lemma scrambled_separated_point:
  assumes scrambled: "syndetically_scrambled f \<delta> C" and margin: "2 * \<epsilon> < \<delta>"
    and "y0 \<in> C" "y0 islimpt C" "s > 0"
  obtains y where "y \<in> C" "dist y y0 < s" "separated_after f \<epsilon> k x y"
proof -
  obtain y' where y': "y' \<in> C" "y' \<noteq> y0" "dist y' y0 < s"
    using assms(4,5) unfolding islimpt_approachable by blast
  have "separated_after f \<epsilon> k x y0 \<or> separated_after f \<epsilon> k x y'"
    using scrambled_unique_shadow[OF scrambled margin \<open>y0 \<in> C\<close> y'(1) y'(2)[symmetric]]
    unfolding separated_after_def by (meson not_le)
  then show ?thesis
    using that \<open>y0 \<in> C\<close> \<open>s > 0\<close> y' by auto
qed

lemma funpow_maps_into: "f ` X \<subseteq> X \<Longrightarrow> x \<in> X \<Longrightarrow> (f ^^ n) x \<in> X"
  by (induction n) auto

lemma continuous_on_funpow:
  assumes "f ` X \<subseteq> X" and "continuous_on X f"
  shows "continuous_on X (f ^^ n)"
proof (induction n)
  case 0
  show ?case by simp
next
  case (Suc n)
  have "(f ^^ n) ` X \<subseteq> X"
    using funpow_maps_into[OF assms(1)] by blast
  then have "continuous_on X (f \<circ> (f ^^ n))"
    by (intro continuous_on_compose Suc continuous_on_subset[OF assms(2)])
  then show ?case by simp
qed

text \<open>Separation after time k is an open condition: it is witnessed by a single iterate f^n,
  which is continuous, so it persists for all pairs sufficiently close to a separated pair.\<close>

lemma separated_after_stable:
  assumes maps: "f ` X \<subseteq> X" and cont: "continuous_on X f"
    and "x0 \<in> X" "y0 \<in> X" and sep: "separated_after f \<epsilon> k x0 y0"
  obtains d where "d > 0"
    "\<And>x y. x \<in> X \<Longrightarrow> y \<in> X \<Longrightarrow> dist x x0 < d \<Longrightarrow> dist y y0 < d \<Longrightarrow> separated_after f \<epsilon> k x y"
proof -
  obtain n where n: "k \<le> n" "\<epsilon> < dist ((f ^^ n) x0) ((f ^^ n) y0)"
    using sep unfolding separated_after_def by blast
  define \<eta> where "\<eta> = (dist ((f ^^ n) x0) ((f ^^ n) y0) - \<epsilon>) / 2"
  have "\<eta> > 0" using n unfolding \<eta>_def by simp
  note cont_n = continuous_on_funpow[OF maps cont, of n, unfolded continuous_on_iff]
  obtain d1 where d1: "d1 > 0" "\<And>x. x \<in> X \<Longrightarrow> dist x x0 < d1 \<Longrightarrow> dist ((f ^^ n) x) ((f ^^ n) x0) < \<eta>"
    using cont_n \<open>x0 \<in> X\<close> \<open>\<eta> > 0\<close> by blast
  obtain d2 where d2: "d2 > 0" "\<And>y. y \<in> X \<Longrightarrow> dist y y0 < d2 \<Longrightarrow> dist ((f ^^ n) y) ((f ^^ n) y0) < \<eta>"
    using cont_n \<open>y0 \<in> X\<close> \<open>\<eta> > 0\<close> by blast
  have "separated_after f \<epsilon> k x y"
    if "x \<in> X" "y \<in> X" "dist x x0 < min d1 d2" "dist y y0 < min d1 d2" for x y
  proof -
    have "dist ((f ^^ n) x0) ((f ^^ n) y0)
        \<le> dist ((f ^^ n) x) ((f ^^ n) x0) + dist ((f ^^ n) x) ((f ^^ n) y) + dist ((f ^^ n) y) ((f ^^ n) y0)"
      using dist_triangle3[of "(f ^^ n) x0" "(f ^^ n) y0" "(f ^^ n) x"]
        dist_triangle[of "(f ^^ n) x" "(f ^^ n) y0" "(f ^^ n) y"] by linarith
    then have "\<epsilon> < dist ((f ^^ n) x) ((f ^^ n) y)"
      using d1(2)[of x] d2(2)[of y] that unfolding \<eta>_def by simp
    then show ?thesis
      using n(1) unfolding separated_after_def by blast
  qed
  then show ?thesis
    using that[of "min d1 d2"] d1(1) d2(1) by simp
qed

lemma separate_balls:
  assumes maps: "f ` X \<subseteq> X" and cont: "continuous_on X f"
    and "C \<subseteq> X" and scrambled: "syndetically_scrambled f \<delta> C" and margin: "2 * \<epsilon> < \<delta>"
    and "x0 \<in> X" "y0 \<in> C" "y0 islimpt C" "r > 0" "s > 0"
  obtains y1 r1 s1 where "y1 \<in> C" "0 < r1" "r1 \<le> r" "0 < s1" "s1 \<le> s" "cball y1 s1 \<subseteq> cball y0 s"
    "\<And>x y. x \<in> X \<inter> cball x0 r1 \<Longrightarrow> y \<in> X \<inter> cball y1 s1 \<Longrightarrow> separated_after f \<epsilon> k x y"
proof -
  obtain y1 where y1: "y1 \<in> C" "dist y1 y0 < s / 2" "separated_after f \<epsilon> k x0 y1"
    using scrambled_separated_point[OF scrambled margin \<open>y0 \<in> C\<close> \<open>y0 islimpt C\<close>, of "s / 2"] \<open>s > 0\<close>
    by auto
  obtain d where d: "d > 0"
    "\<And>x y. x \<in> X \<Longrightarrow> y \<in> X \<Longrightarrow> dist x x0 < d \<Longrightarrow> dist y y1 < d \<Longrightarrow> separated_after f \<epsilon> k x y"
    using separated_after_stable[OF maps cont \<open>x0 \<in> X\<close> _ y1(3)] y1(1) \<open>C \<subseteq> X\<close> by blast
  have "cball y1 (min (s / 2) (d / 2)) \<subseteq> cball y0 s"
  proof
    fix z
    assume "z \<in> cball y1 (min (s / 2) (d / 2))"
    moreover have "dist y0 z \<le> dist y0 y1 + dist y1 z"
      by (rule dist_triangle)
    ultimately show "z \<in> cball y0 s"
      using y1(2) by (simp add: dist_commute)
  qed
  moreover have "separated_after f \<epsilon> k x y"
    if "x \<in> X \<inter> cball x0 (min r (d / 2))" "y \<in> X \<inter> cball y1 (min (s / 2) (d / 2))" for x y
    using that d(1) by (intro d(2)) (auto simp: dist_commute)
  ultimately show ?thesis
    using that[of y1 "min r (d / 2)" "min (s / 2) (d / 2)"] y1(1) d(1) \<open>r > 0\<close> \<open>s > 0\<close> by auto
qed

lemma perfect_split_ball:
  assumes "y \<in> A" "y islimpt A" "r > 0" "b > 0"
  obtains a r' where "a \<in> A" "0 < r'" "r' < b"
    "cball y r' \<subseteq> cball y r" "cball a r' \<subseteq> cball y r" "cball y r' \<inter> cball a r' = {}"
proof -
  obtain a where a: "a \<in> A" "a \<noteq> y" "dist a y < r / 2"
    using assms(2,3) unfolding islimpt_approachable by (meson half_gt_zero)
  define r' where "r' = min (dist a y / 3) (min (r / 2) (b / 2))"
  have r': "0 < r'" "r' < b" "r' \<le> dist a y / 3" "r' \<le> r / 2"
    using a(2) assms(3,4) unfolding r'_def by auto
  have "cball a r' \<subseteq> cball y r"
  proof
    fix z
    assume "z \<in> cball a r'"
    then have "dist y z \<le> dist y a + dist a z"
      by (simp add: dist_triangle)
    then show "z \<in> cball y r"
      using \<open>z \<in> cball a r'\<close> a(3) r'(4) by (simp add: dist_commute)
  qed
  moreover have "cball y r' \<subseteq> cball y r"
    using r'(4) assms(3) by auto
  moreover have "cball y r' \<inter> cball a r' = {}"
  proof (rule ccontr)
    assume "cball y r' \<inter> cball a r' \<noteq> {}"
    then obtain z where "dist y z \<le> r'" "dist a z \<le> r'"
      by auto
    then have "dist a y \<le> 2 * r'"
      using dist_triangle[of a y z] by (simp add: dist_commute)
    then show False
      using r'(1,3) by linarith
  qed
  ultimately show ?thesis
    using that a(1) r'(1,2) by blast
qed

lemma decreasing_compact_Inter_nonempty:
  fixes F :: "nat \<Rightarrow> 'a::t2_space set"
  assumes "\<And>n. compact (F n)" "\<And>n. F n \<noteq> {}" "\<And>m n. m \<le> n \<Longrightarrow> F n \<subseteq> F m"
  obtains z where "\<And>n. z \<in> F n"
proof -
  have "F 0 \<inter> (\<Inter>n. F n) \<noteq> {}"
  proof (rule compact_imp_fip_image[OF assms(1)])
    show "closed (F n)" for n
      using assms(1) by (rule compact_imp_closed)
    fix I :: "nat set"
    assume "finite I"
    then have "F (Max (insert 0 I)) \<subseteq> F n" if "n \<in> insert 0 I" for n
      using assms(3) Max_ge[of "insert 0 I" n] that by blast
    then have "F (Max (insert 0 I)) \<subseteq> F 0 \<inter> (\<Inter>n\<in>I. F n)"
      by blast
    then show "F 0 \<inter> (\<Inter>n\<in>I. F n) \<noteq> {}"
      using assms(2) by blast
  qed
  then show ?thesis
    using that by blast
qed

lemma totally_disconnected_subset:
  "totally_disconnected C \<Longrightarrow> A \<subseteq> C \<Longrightarrow> totally_disconnected A"
  unfolding totally_disconnected_def by blast

lemma cantor_set_two_points:
  assumes "cantor_set C"
  shows "\<exists>x\<in>C. \<exists>y\<in>C. x \<noteq> y"
proof -
  obtain x where "x \<in> C" "x islimpt C"
    using assms unfolding cantor_set_def by blast
  then show ?thesis
    unfolding islimpt_approachable by (meson zero_less_one)
qed

lemma mycielski_nonempty:
  assumes "mycielski S"
  shows "S \<noteq> {}"
proof -
  obtain K :: "nat \<Rightarrow> 'a set" where "\<And>n. cantor_set (K n)" "S = (\<Union>n. K n)"
    using assms unfolding mycielski_def by blast
  then show ?thesis
    unfolding cantor_set_def by blast
qed

definition scheme_limit :: "(bool list \<Rightarrow> 'a set) \<Rightarrow> 'a set" where
  "scheme_limit P = (\<Inter>l. \<Union>s\<in>{s. length s = l}. P s)"

locale cantor_scheme =
  fixes P :: "bool list \<Rightarrow> 'a::metric_space set"
  assumes compact_piece: "\<And>s. compact (P s)"
    and piece_nonempty: "\<And>s. P s \<noteq> {}"
    and piece_nested: "\<And>s b. P (s @ [b]) \<subseteq> P s"
    and pieces_disjoint: "\<And>s. P (s @ [True]) \<inter> P (s @ [False]) = {}"
    and pieces_shrink: "\<And>e. e > 0 \<Longrightarrow> \<exists>l. \<forall>s. l \<le> length s \<longrightarrow> (\<forall>x\<in>P s. \<forall>y\<in>P s. dist x y < e)"

begin

lemma piece_prefix: "P (s @ t) \<subseteq> P s"
proof (induction t rule: rev_induct)
  case Nil
  show ?case by simp
next
  case (snoc b t)
  then show ?case
    using piece_nested[of "s @ t" b] by auto
qed

lemma limit_memE:
  assumes "x \<in> scheme_limit P"
  obtains s where "length s = l" "x \<in> P s"
  using assms unfolding scheme_limit_def by blast

lemma limit_subset_root: "scheme_limit P \<subseteq> P []"
  unfolding scheme_limit_def by auto

text \<open>Every piece contains a point of the limit: follow the branch s, False, False, \<dots>\<close>

lemma limit_meets_piece: "\<exists>z\<in>scheme_limit P. z \<in> P s"
proof -
  define F where "F k = P (s @ replicate k False)" for k
  have "F n \<subseteq> F m" if "m \<le> n" for m n
  proof -
    have "s @ replicate n False = (s @ replicate m False) @ replicate (n - m) False"
      using that by (simp flip: replicate_add)
    then show ?thesis
      unfolding F_def by (metis piece_prefix)
  qed
  then obtain z where z: "\<And>k. z \<in> F k"
    using decreasing_compact_Inter_nonempty[of F] compact_piece piece_nonempty
    unfolding F_def by blast
  have "z \<in> (\<Union>t\<in>{t. length t = l}. P t)" for l
  proof (cases "length s \<le> l")
    case True
    then show ?thesis
      using z[of "l - length s"] unfolding F_def by (intro UN_I[of "s @ replicate (l - length s) False"]) auto
  next
    case False
    have "P s \<subseteq> P (take l s)"
      using piece_prefix[of "take l s" "drop l s"] by simp
    then show ?thesis
      using False z[of 0] unfolding F_def by (intro UN_I[of "take l s"]) auto
  qed
  then show ?thesis
    using z[of 0] unfolding F_def scheme_limit_def by auto
qed

text \<open>The limit is compact: a closed subset of the compact root piece.\<close>

lemma limit_compact: "compact (scheme_limit P)"
proof -
  have "closed (\<Union>s\<in>{s::bool list. length s = l}. P s)" for l
    using finite_lists_length_eq[of "UNIV :: bool set" l] compact_piece
    by (intro closed_UN) (auto intro: compact_imp_closed)
  then have "closed (scheme_limit P)"
    unfolding scheme_limit_def by blast
  then show ?thesis
    using limit_subset_root compact_piece by (metis compact_Int_closed inf.absorb_iff2)
qed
═══
* **Goal of the exercise**: Copy each line of the preceding material that contains "moreover".

* **Task output**:
    moreover have "dist y0 z \<le> dist y0 y1 + dist y1 z"
  moreover have "separated_after f \<epsilon> k x y"
  moreover have "cball y r' \<subseteq> cball y r"
  moreover have "cball y r' \<inter> cball a r' = {}"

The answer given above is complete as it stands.